ACTIVITY
Return exactly the span of lines in the following data that opens with the line containing "then show ?case by (cases" and closes with the line containing "A) = U \<inter>". Include nothing else.

SUPPLIED DATA
(* Let $G$ be the undirected graph with vertex set $\{v_1,\dots,v_8\}$ and edge set $\{v_1v_5,\ v_1v_6,\ v_2v_5,\ v_2v_6,\ v_2v_7,\ v_2v_8,\ v_4v_7,\ v_4v_8\}$, and let $V_1=\{v_1,v_2,v_7,v_8\}$, $V_2=\{v_2,v_4,v_5,v_6\}$, $V_3=\{v_1,v_2,v_3,v_4\}$, $V_4=\{v_5,v_6,v_7,v_8\}$. Let $\mu\ge 4$ be even and let $\nu=\frac{\mu}{2}-1$. Consider the population (multiset of $\mu$ vertex covers of $G$) consisting of one copy of $V_1$, one copy of $V_2$, $\nu$ copies of $V_3$ and $\nu$ copies of $V_4$. Then this population has sub-optimal diversity (total Hamming distance) among populations of $\mu$ vertex covers of $G$ of size at most $4$, and replacing any one individual of it with any different vertex cover of $G$ of size at most $4$ strictly reduces the diversity.
   Context: A vertex cover of $G=(V,E)$ is a set $C\subseteq V$ such that every edge has at least one endpoint in $C$. Subsets of $V$ are identified with bit strings of length $|V|$ (bit $i$ indicates whether $v_i$ is included). For a population $P=(x_1,\dots,x_\mu)$ (a multiset) of bit strings, the diversity is the total Hamming distance $D(P)=\sum_{1\le a<b\le \mu} H(x_a,x_b)$, where $H$ is the Hamming distance. *)

theory Defs
  imports Main
begin

(* Vertices v_1..v_8 are represented by the natural numbers 1..8.
   A subset of V is identified with its bit string; Hamming distance of
   two bit strings = cardinality of the symmetric difference of the sets. *)

definition Vset :: "nat set" where
  "Vset = {1..8}"

definition Eset :: "(nat \<times> nat) set" where
  "Eset = {(1,5), (1,6), (2,5), (2,6), (2,7), (2,8), (4,7), (4,8)}"

definition is_vertex_cover :: "nat set \<Rightarrow> bool" where
  "is_vertex_cover C \<longleftrightarrow> C \<subseteq> Vset \<and> (\<forall>(u,v) \<in> Eset. u \<in> C \<or> v \<in> C)"

definition hamming :: "nat set \<Rightarrow> nat set \<Rightarrow> nat" where
  "hamming A B = card ((A - B) \<union> (B - A))"

definition diversity :: "nat set list \<Rightarrow> nat" where
  "diversity P = (\<Sum>b<length P. \<Sum>a<b. hamming (P ! a) (P ! b))"

definition valid_pop :: "nat \<Rightarrow> nat set list \<Rightarrow> bool" where
  "valid_pop \<mu> P \<longleftrightarrow> length P = \<mu> \<and> (\<forall>x \<in> set P. is_vertex_cover x \<and> card x \<le> 4)"

definition V1 :: "nat set" where "V1 = {1,2,7,8}"
definition V2 :: "nat set" where "V2 = {2,4,5,6}"
definition V3 :: "nat set" where "V3 = {1,2,3,4}"
definition V4 :: "nat set" where "V4 = {5,6,7,8}"

definition pop4 :: "nat \<Rightarrow> nat set list" where
  "pop4 \<mu> = (let \<nu> = \<mu> div 2 - 1 in [V1, V2] @ replicate \<nu> V3 @ replicate \<nu> V4)"

end

theory Submission
  imports Defs
begin

(* For a population P of subsets of a finite universe U, write c_j for the number of members
   containing j. Every pair of members contributes to D(P) one unit per element on which they
   disagree, so D(P) = sum over j of c_j (mu - c_j). For pop4 with mu = 2 nu + 2 all counts
   are nu + 1 except c_2 = nu + 2 and c_3 = nu; hence D = 2 mu^2 - 2, while nu + 1 copies of
   each of the complementary covers V3 and V4 reach 2 mu^2.
   Replacing a member A by C shifts c_j by d_j = [j in C] - [j in A], which changes D by
   sum over j of d_j (mu - 2 c_j) - H(C, A) = 2 d_3 - 2 d_2 - H(C, A). Running through the nine
   vertex covers of G with at most four vertices shows that this is negative unless C = A. *)

definition mem_count :: "'a \<Rightarrow> 'a set list \<Rightarrow> nat" where
  "mem_count j P = length (filter (\<lambda>x. j \<in> x) P)"

lemma mem_count_le_length: "mem_count j P \<le> length P"
  by (simp add: mem_count_def)

lemma mem_count_append: "mem_count j (P @ Q) = mem_count j P + mem_count j Q"
  by (simp add: mem_count_def)

lemma mem_count_Nil [simp]: "mem_count j [] = 0"
  by (simp add: mem_count_def)

lemma mem_count_Cons [simp]: "mem_count j (A # P) = of_bool (j \<in> A) + mem_count j P"
  by (simp add: mem_count_def)

lemma mem_count_replicate: "mem_count j (replicate k A) = k * of_bool (j \<in> A)"
  by (simp add: mem_count_def)

lemma mem_count_list_update:
  assumes "i < length P"
  shows "mem_count j (P[i := C]) + of_bool (j \<in> P ! i) = mem_count j P + of_bool (j \<in> C)"
  using assms
proof (induction P arbitrary: i)
  case (Cons x P)
  then show ?case by (cases i) (auto simp: mem_count_def)
qed simp

lemma hamming_eq_sum_of_bool:
  assumes "finite U" and "A \<subseteq> U" and "B \<subseteq> U"
  shows "hamming A B = (\<Sum>j\<in>U. of_bool ((j \<in> A) \<noteq> (j \<in> B)))"
proof -
  have "(A - B) \<union> (B - A) = U \<inter> {j. (j \<in> A) \<noteq> (j \<in> B)}"
    using assms by blast
  then show ?thesis
    using assms(1) by (simp add: hamming_def)
qed

lemma hamming_eq_0_iff:
  assumes "finite A" and "finite B"
  shows "hamming A B = 0 \<longleftrightarrow> A = B"
  using assms by (auto simp: hamming_def)

lemma sum_of_bool_nth_eq_length_filter:
  "(\<Sum>a<length xs. of_bool (p (xs ! a))) = length (filter p xs)"
  by (simp add: length_filter_conv_card lessThan_def Collect_conj_eq)

lemma diversity_snoc:
  "diversity (P @ [y]) = diversity P + (\<Sum>a<length P. hamming (P ! a) y)"
  unfolding diversity_def by (simp add: nth_append)

lemma diversity_eq_sum_mem_count:
  assumes "finite U" and "\<forall>x \<in> set P. x \<subseteq> U"
  shows "diversity P = (\<Sum>j\<in>U. mem_count j P * (length P - mem_count j P))"
  using assms(2)
proof (induction P rule: rev_induct)
  case Nil
  then show ?case by (simp add: diversity_def mem_count_def)
next
  case (snoc y P)
  let ?c = "\<lambda>j. mem_count j P" and ?n = "length P"
  have "(\<Sum>a<?n. hamming (P ! a) y) = (\<Sum>a<?n. \<Sum>j\<in>U. of_bool ((j \<in> P ! a) \<noteq> (j \<in> y)))"
    using snoc.prems assms(1) by (intro sum.cong refl hamming_eq_sum_of_bool) auto
  also have "\<dots> = (\<Sum>j\<in>U. length (filter (\<lambda>x. (j \<in> x) \<noteq> (j \<in> y)) P))"
    by (subst sum.swap) (intro sum.cong refl sum_of_bool_nth_eq_length_filter)
  also have "\<dots> = (\<Sum>j\<in>U. if j \<in> y then ?n - ?c j else ?c j)"
  proof (intro sum.cong refl)
    fix j
    show "length (filter (\<lambda>x. (j \<in> x) \<noteq> (j \<in> y)) P) = (if j \<in> y then ?n - ?c j else ?c j)"
      using sum_length_filter_compl[of "\<lambda>x. j \<in> x" P] by (simp add: mem_count_def) arith
  qed
  finally have new_distances: "(\<Sum>a<?n. hamming (P ! a) y) = \<dots>" .
  have count_step: "c * (n - c) + (if b then n - c else c) = (c + of_bool b) * (Suc n - (c + of_bool b))"
    if "c \<le> n" for c n :: nat and b
    using that by (cases b) (auto simp: Suc_diff_le diff_mult_distrib2)
  have step: "?c j * (?n - ?c j) + (if j \<in> y then ?n - ?c j else ?c j)
      = mem_count j (P @ [y]) * (length (P @ [y]) - mem_count j (P @ [y]))" for j
    using count_step[OF mem_count_le_length[of j P], of "j \<in> y"]
    by (simp add: mem_count_append)
  show ?case
    using snoc by (simp add: diversity_snoc new_distances sum.distrib[symmetric] step)
qed

lemma int_diversity_eq_sum_mem_count:
  assumes "finite U" and "\<forall>x \<in> set P. x \<subseteq> U"
  shows "int (diversity P)
    = (\<Sum>j\<in>U. int (mem_count j P) * (int (length P) - int (mem_count j P)))"
  unfolding diversity_eq_sum_mem_count[OF assms] of_nat_sum of_nat_mult
  by (intro sum.cong refl) (simp add: of_nat_diff mem_count_le_length)

lemma diversity_list_update:
  assumes "finite U" and "\<forall>x \<in> set P. x \<subseteq> U" and "C \<subseteq> U" and "i < length P"
  shows "int (diversity (P[i := C])) = int (diversity P)
    + (\<Sum>j\<in>U. (of_bool (j \<in> C) - of_bool (j \<in> P ! i)) * (int (length P) - 2 * int (mem_count j P)))
    - int (hamming C (P ! i))"
proof -
  let ?n = "int (length P)" and ?c = "\<lambda>j. int (mem_count j P)"
  let ?d = "\<lambda>j. of_bool (j \<in> C) - of_bool (j \<in> P ! i) :: int"
  have replaced_in_U: "P ! i \<subseteq> U"
    using assms(2,4) by simp
  have hamming_replaced: "int (hamming C (P ! i)) = (\<Sum>j\<in>U. ?d j * ?d j)"
    unfolding hamming_eq_sum_of_bool[OF assms(1,3) replaced_in_U] of_nat_sum
    by (intro sum.cong refl) auto
  have updated_in_U: "\<forall>x \<in> set (P[i := C]). x \<subseteq> U"
    using assms(2,3) set_update_subset_insert[of P i C] by blast
  have updated_count: "int (mem_count j (P[i := C])) = ?c j + ?d j" for j
    using mem_count_list_update[OF assms(4), of j C]
    by (cases "j \<in> C"; cases "j \<in> P ! i") auto
  have "int (diversity (P[i := C])) = (\<Sum>j\<in>U. (?c j + ?d j) * (?n - (?c j + ?d j)))"
    by (simp add: int_diversity_eq_sum_mem_count[OF assms(1) updated_in_U] updated_count)
  also have "\<dots> = (\<Sum>j\<in>U. ?c j * (?n - ?c j) + ?d j * (?n - 2 * ?c j) - ?d j * ?d j)"
    by (intro sum.cong refl) (simp add: algebra_simps)
  finally show ?thesis
    by (simp add: sum.distrib sum_subtractf int_diversity_eq_sum_mem_count[OF assms(1,2)]
        hamming_replaced)
qed

lemma diversity_replicate_append_replicate:
  assumes "finite A" and "finite B"
  shows "diversity (replicate k A @ replicate k B) = k\<^sup>2 * hamming A B"
proof -
  let ?Q = "replicate k A @ replicate k B"
  have "\<forall>x \<in> set ?Q. x \<subseteq> A \<union> B"
    by auto
  then have "diversity ?Q = (\<Sum>j\<in>A \<union> B. mem_count j ?Q * (length ?Q - mem_count j ?Q))"
    by (rule diversity_eq_sum_mem_count[OF finite_UnI[OF assms]])
  also have "\<dots> = (\<Sum>j\<in>A \<union> B. k\<^sup>2 * of_bool ((j \<in> A) \<noteq> (j \<in> B)))"
  proof (intro sum.cong refl)
    fix j
    show "mem_count j ?Q * (length ?Q - mem_count j ?Q) = k\<^sup>2 * of_bool ((j \<in> A) \<noteq> (j \<in> B))"
      by (cases "j \<in> A"; cases "j \<in> B")
        (simp_all add: mem_count_append mem_count_replicate power2_eq_square)
  qed
  also have "\<dots> = k\<^sup>2 * hamming A B"
    unfolding sum_distrib_left[symmetric]
      hamming_eq_sum_of_bool[OF finite_UnI[OF assms] Un_upper1 Un_upper2] ..
  finally show ?thesis .
qed

lemma pop4_eq: "pop4 (2 * \<nu> + 2) = [V1, V2] @ replicate \<nu> V3 @ replicate \<nu> V4"
  by (simp add: pop4_def)

lemma pop4_subset: "set (pop4 \<mu>) \<subseteq> {V1, V2, V3, V4}"
  by (auto simp: pop4_def Let_def)

lemma Vset_eq: "Vset = {1, 2, 3, 4, 5, 6, 7, 8}"
  by (auto simp: Vset_def)

lemma finite_Vset: "finite Vset"
  by (simp add: Vset_def)

lemma pop4_members_subset_Vset: "\<forall>x \<in> set (pop4 \<mu>). x \<subseteq> Vset"
  using pop4_subset by (fastforce simp: Vset_def V1_def V2_def V3_def V4_def)

lemma length_pop4: "length (pop4 (2 * \<nu> + 2)) = 2 * \<nu> + 2"
  unfolding pop4_eq by simp

lemma mem_count_pop4:
  "mem_count j (pop4 (2 * \<nu> + 2))
    = of_bool (j \<in> V1) + of_bool (j \<in> V2) + \<nu> * of_bool (j \<in> V3) + \<nu> * of_bool (j \<in> V4)"
  unfolding pop4_eq by (simp add: mem_count_append mem_count_replicate)

lemma diversity_pop4: "diversity (pop4 (2 * \<nu> + 2)) + 2 = 8 * (\<nu> + 1)\<^sup>2"
  unfolding diversity_eq_sum_mem_count[OF finite_Vset pop4_members_subset_Vset]
  unfolding mem_count_pop4 length_pop4
  by (simp add: Vset_eq V1_def V2_def V3_def V4_def power2_eq_square)

lemma diversity_pop4_list_update:
  assumes "i < 2 * \<nu> + 2" and "C \<subseteq> Vset"
  shows "int (diversity ((pop4 (2 * \<nu> + 2))[i := C])) = int (diversity (pop4 (2 * \<nu> + 2)))
    + 2 * (of_bool (3 \<in> C) - of_bool (3 \<in> pop4 (2 * \<nu> + 2) ! i))
    - 2 * (of_bool (2 \<in> C) - of_bool (2 \<in> pop4 (2 * \<nu> + 2) ! i))
    - int (hamming C (pop4 (2 * \<nu> + 2) ! i))"
proof -
  have index: "i < length (pop4 (2 * \<nu> + 2))"
    using assms(1) by (simp only: length_pop4)
  \<comment> \<open>2 and 3 are the only vertices whose count differs from \<open>\<nu> + 1\<close>\<close>
  show ?thesis
    unfolding diversity_list_update[OF finite_Vset pop4_members_subset_Vset assms(2) index]
    unfolding mem_count_pop4 length_pop4
    by (simp add: Vset_eq V1_def V2_def V3_def V4_def algebra_simps)
qed

definition small_covers :: "nat set set" where
  "small_covers = {{1,2,4}, {1,2,3,4}, {1,2,4,5}, {1,2,4,6}, {1,2,4,7}, {1,2,4,8},
                   {1,2,7,8}, {2,4,5,6}, {5,6,7,8}}"

lemma vertex_cover_card_le_4_in_small_covers:
  assumes "is_vertex_cover C" and "card C \<le> 4"
  shows "C \<in> small_covers"
proof -
  have "C \<in> Pow (set [1,2,3,4,5,6,7,8])"
    using assms(1) by (auto simp: is_vertex_cover_def Vset_eq)
  then obtain xs where "xs \<in> set (subseqs [1,2,3,4,5,6,7,8])" and "C = set xs"
    unfolding subseqs_powset[symmetric] by blast
  then show ?thesis
    using assms unfolding is_vertex_cover_def Eset_def small_covers_def
    by (simp add: Let_def) (elim disjE; simp)
qed

lemma small_cover_swap_bound:
  assumes "C \<in> small_covers" and "A \<in> {V1, V2, V3, V4}" and "C \<noteq> A"
  shows "2 * (of_bool (3 \<in> C) - of_bool (3 \<in> A)) - 2 * (of_bool (2 \<in> C) - of_bool (2 \<in> A))
    < int (hamming C A)"
proof -
  \<comment> \<open>\<open>hamming C A = 0\<close> stands in for \<open>C = A\<close>, which simp does not decide on explicit sets\<close>
  have all_pairs: "\<forall>C \<in> small_covers. \<forall>A \<in> {V1, V2, V3, V4}. hamming C A = 0
    \<or> 2 * (of_bool (3 \<in> C) - of_bool (3 \<in> A)) - 2 * (of_bool (2 \<in> C) - of_bool (2 \<in> A))
        < int (hamming C A)"
    by (simp add: small_covers_def hamming_def V1_def V2_def V3_def V4_def insert_Diff_if)
  have "finite C" and "finite A"
    using assms(1,2) by (auto simp: small_covers_def V1_def V2_def V3_def V4_def)
  then have "hamming C A \<noteq> 0"
    using assms(3) by (simp add: hamming_eq_0_iff)
  then show ?thesis
    using bspec[OF bspec[OF all_pairs assms(1)] assms(2)] by simp
qed

lemma pop4_not_optimal:
  "\<exists>Q. valid_pop (2 * \<nu> + 2) Q \<and> diversity (pop4 (2 * \<nu> + 2)) < diversity Q"
proof
  let ?Q = "replicate (\<nu> + 1) V3 @ replicate (\<nu> + 1) V4"
  have "valid_pop (2 * \<nu> + 2) ?Q"
    by (auto simp: valid_pop_def is_vertex_cover_def Vset_def Eset_def V3_def V4_def)
  moreover have "diversity ?Q = 8 * (\<nu> + 1)\<^sup>2"
    using diversity_replicate_append_replicate[of V3 V4 "\<nu> + 1"]
    by (simp add: hamming_def V3_def V4_def)
  ultimately show "valid_pop (2 * \<nu> + 2) ?Q \<and> diversity (pop4 (2 * \<nu> + 2)) < diversity ?Q"
    using diversity_pop4[of \<nu>] by simp
qed

lemma pop4_list_update_less:
  assumes "i < 2 * \<nu> + 2" and "is_vertex_cover C" and "card C \<le> 4" and "C \<noteq> pop4 (2 * \<nu> + 2) ! i"
  shows "diversity ((pop4 (2 * \<nu> + 2))[i := C]) < diversity (pop4 (2 * \<nu> + 2))"
proof -
  have "pop4 (2 * \<nu> + 2) ! i \<in> {V1, V2, V3, V4}"
    using assms(1) pop4_subset nth_mem length_pop4 by (metis subsetD)
  with vertex_cover_card_le_4_in_small_covers[OF assms(2,3)] have gain:
    "2 * (of_bool (3 \<in> C) - of_bool (3 \<in> pop4 (2 * \<nu> + 2) ! i))
      - 2 * (of_bool (2 \<in> C) - of_bool (2 \<in> pop4 (2 * \<nu> + 2) ! i))
      < int (hamming C (pop4 (2 * \<nu> + 2) ! i))"
    using assms(4) by (rule small_cover_swap_bound)
  have "C \<subseteq> Vset"
    using assms(2) by (simp add: is_vertex_cover_def)
  with gain have "int (diversity ((pop4 (2 * \<nu> + 2))[i := C])) < int (diversity (pop4 (2 * \<nu> + 2)))"
    using diversity_pop4_list_update[OF assms(1) \<open>C \<subseteq> Vset\<close>] by linarith
  then show ?thesis
    by simp
qed

theorem lemma4:
  fixes \<mu> :: nat
  assumes "even \<mu>" and "\<mu> \<ge> 4"
  shows "(\<exists>Q. valid_pop \<mu> Q \<and> diversity (pop4 \<mu>) < diversity Q)
       \<and> (\<forall>i < \<mu>. \<forall>C. is_vertex_cover C \<and> card C \<le> 4 \<and> C \<noteq> pop4 \<mu> ! i
              \<longrightarrow> diversity ((pop4 \<mu>)[i := C]) < diversity (pop4 \<mu>))"
proof -
  have "\<mu> = 2 * (\<mu> div 2 - 1) + 2"
    using assms by auto
  then obtain \<nu> where "\<mu> = 2 * \<nu> + 2"
    by blast
  then show ?thesis
    using pop4_not_optimal pop4_list_update_less by blast
qed

end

EXERCISE ANSWER
  then show ?case by (cases i) (auto simp: mem_count_def)
qed simp

lemma hamming_eq_sum_of_bool:
  assumes "finite U" and "A \<subseteq> U" and "B \<subseteq> U"
  shows "hamming A B = (\<Sum>j\<in>U. of_bool ((j \<in> A) \<noteq> (j \<in> B)))"
proof -
  have "(A - B) \<union> (B - A) = U \<inter> {j. (j \<in> A) \<noteq> (j \<in> B)}"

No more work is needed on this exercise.